(* Let $i\ge1$ and let $(a_j)_{j\ge1}$ satisfy $0<a_j\le Aj$ for some $A>0$. Let $y_0\in\mathcal X^+_{1,i}$ with $y_{i,0}>0$, and let $y$ be the solution of $dy/dt=F(y)$, $y(0)=y_0$. Then there exist $t_*\in(0,\infty]$ and $t_{*,1}\in[t_*,\infty]$ such that: - $y_i(t)>0$ for $t\in[0,t_* )$, and $y_i(t_* )=0$ if $t_*<\infty$; - $y_{ki}(t)>0$ for $t\in(0,t_* )$ and all $k\ge2$; - $y_j(t)\ge0$ for $t\in[0,t_* )$ and $j\ge i+1$; - $y_j(t)>0$ for $t\in[0,t_* )$ whenever $j\ge i+1$ and $y_{j,0}>0$; - $\frac{dy_i}{dt}(t)<0$ for $t\in[0,t_{*,1})$; - $\|y(t)\|_{1,1}=\|y_0\|_{1,1}$ for $t\in[0,t_* )$. If $t_*<\infty$, then $t_{*,1}>t_*$, and the second, third, fourth and last properties also hold at $t=t_*$.
   Context: $\|x\|_{1,1}=\sum_j j|x_j|$, $\mathcal X_{1,1}=\{x:\|x\|_{1,1}<\infty\}$, $\mathcal X_{1,i}=\{x\in\mathcal X_{1,1}:x_j=0 \text{ for } j<i\}$, and $\mathcal X^+_{1,i}$ is the subset with nonnegative entries. $F$ is defined by - $F_j(y)=0$ for $j<i$; - $F_i(y)=-a_iy_i-\sum_{j\ge i}a_jy_j$; - $F_j(y)=a_{j-i}y_{j-i}-a_jy_j$ for $j\ge i+1$. The solution $y\in C([0,\infty);\mathcal X_{1,i})$, with $C^1$ components, exists and is unique. *)

theory Defs
  imports "HOL-Analysis.Analysis"
begin

text \<open>Sequences x = (x_j)_{j \<ge> 1} are modelled as functions nat => real;
  the entry at index 0 is forced to be 0 by membership in X_{1,i} (i \<ge> 1).\<close>

definition norm11 :: "(nat \<Rightarrow> real) \<Rightarrow> real" where
  "norm11 x = (\<Sum>j. real j * \<bar>x j\<bar>)"

definition X11 :: "(nat \<Rightarrow> real) set" where
  "X11 = {x. summable (\<lambda>j. real j * \<bar>x j\<bar>)}"

definition X1i :: "nat \<Rightarrow> (nat \<Rightarrow> real) set" where
  "X1i i = {x \<in> X11. \<forall>j<i. x j = 0}"

definition X1i_plus :: "nat \<Rightarrow> (nat \<Rightarrow> real) set" where
  "X1i_plus i = {x \<in> X1i i. \<forall>j. x j \<ge> 0}"

definition F :: "(nat \<Rightarrow> real) \<Rightarrow> nat \<Rightarrow> (nat \<Rightarrow> real) \<Rightarrow> nat \<Rightarrow> real" where
  "F a i y j =
     (if j < i then 0
      else if j = i then - a i * y i - (\<Sum>n. a (n + i) * y (n + i))
      else a (j - i) * y (j - i) - a j * y j)"

definition is_solution :: "(nat \<Rightarrow> real) \<Rightarrow> nat \<Rightarrow> (nat \<Rightarrow> real) \<Rightarrow> (real \<Rightarrow> nat \<Rightarrow> real) \<Rightarrow> bool" where
  "is_solution a i y0 y \<longleftrightarrow>
     y 0 = y0 \<and>
     (\<forall>t\<ge>0. y t \<in> X1i i) \<and>
     (\<forall>t\<ge>0. ((\<lambda>s. norm11 (\<lambda>j. y s j - y t j)) \<longlongrightarrow> 0) (at t within {0..})) \<and>
     (\<forall>j. \<forall>t\<ge>0. ((\<lambda>s. y s j) has_real_derivative F a i (y t) j) (at t within {0..})) \<and>
     (\<forall>j. continuous_on {0..} (\<lambda>t. F a i (y t) j))"

end

theory Submission
  imports Defs
begin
_____
## EXERCISE REQUIREMENTS
Every line of the listing is to be returned exactly as written.

## SOLUTION
(* Let $i\ge1$ and let $(a_j)_{j\ge1}$ satisfy $0<a_j\le Aj$ for some $A>0$. Let $y_0\in\mathcal X^+_{1,i}$ with $y_{i,0}>0$, and let $y$ be the solution of $dy/dt=F(y)$, $y(0)=y_0$. Then there exist $t_*\in(0,\infty]$ and $t_{*,1}\in[t_*,\infty]$ such that: - $y_i(t)>0$ for $t\in[0,t_* )$, and $y_i(t_* )=0$ if $t_*<\infty$; - $y_{ki}(t)>0$ for $t\in(0,t_* )$ and all $k\ge2$; - $y_j(t)\ge0$ for $t\in[0,t_* )$ and $j\ge i+1$; - $y_j(t)>0$ for $t\in[0,t_* )$ whenever $j\ge i+1$ and $y_{j,0}>0$; - $\frac{dy_i}{dt}(t)<0$ for $t\in[0,t_{*,1})$; - $\|y(t)\|_{1,1}=\|y_0\|_{1,1}$ for $t\in[0,t_* )$. If $t_*<\infty$, then $t_{*,1}>t_*$, and the second, third, fourth and last properties also hold at $t=t_*$.
   Context: $\|x\|_{1,1}=\sum_j j|x_j|$, $\mathcal X_{1,1}=\{x:\|x\|_{1,1}<\infty\}$, $\mathcal X_{1,i}=\{x\in\mathcal X_{1,1}:x_j=0 \text{ for } j<i\}$, and $\mathcal X^+_{1,i}$ is the subset with nonnegative entries. $F$ is defined by - $F_j(y)=0$ for $j<i$; - $F_i(y)=-a_iy_i-\sum_{j\ge i}a_jy_j$; - $F_j(y)=a_{j-i}y_{j-i}-a_jy_j$ for $j\ge i+1$. The solution $y\in C([0,\infty);\mathcal X_{1,i})$, with $C^1$ components, exists and is unique. *)

theory Defs
  imports "HOL-Analysis.Analysis"
begin

text \<open>Sequences x = (x_j)_{j \<ge> 1} are modelled as functions nat => real;
  the entry at index 0 is forced to be 0 by membership in X_{1,i} (i \<ge> 1).\<close>

definition norm11 :: "(nat \<Rightarrow> real) \<Rightarrow> real" where
  "norm11 x = (\<Sum>j. real j * \<bar>x j\<bar>)"

definition X11 :: "(nat \<Rightarrow> real) set" where
  "X11 = {x. summable (\<lambda>j. real j * \<bar>x j\<bar>)}"

definition X1i :: "nat \<Rightarrow> (nat \<Rightarrow> real) set" where
  "X1i i = {x \<in> X11. \<forall>j<i. x j = 0}"

definition X1i_plus :: "nat \<Rightarrow> (nat \<Rightarrow> real) set" where
  "X1i_plus i = {x \<in> X1i i. \<forall>j. x j \<ge> 0}"

definition F :: "(nat \<Rightarrow> real) \<Rightarrow> nat \<Rightarrow> (nat \<Rightarrow> real) \<Rightarrow> nat \<Rightarrow> real" where
  "F a i y j =
     (if j < i then 0
      else if j = i then - a i * y i - (\<Sum>n. a (n + i) * y (n + i))
      else a (j - i) * y (j - i) - a j * y j)"

definition is_solution :: "(nat \<Rightarrow> real) \<Rightarrow> nat \<Rightarrow> (nat \<Rightarrow> real) \<Rightarrow> (real \<Rightarrow> nat \<Rightarrow> real) \<Rightarrow> bool" where
  "is_solution a i y0 y \<longleftrightarrow>
     y 0 = y0 \<and>
     (\<forall>t\<ge>0. y t \<in> X1i i) \<and>
     (\<forall>t\<ge>0. ((\<lambda>s. norm11 (\<lambda>j. y s j - y t j)) \<longlongrightarrow> 0) (at t within {0..})) \<and>
     (\<forall>j. \<forall>t\<ge>0. ((\<lambda>s. y s j) has_real_derivative F a i (y t) j) (at t within {0..})) \<and>
     (\<forall>j. continuous_on {0..} (\<lambda>t. F a i (y t) j))"

end

theory Submission
  imports Defs
begin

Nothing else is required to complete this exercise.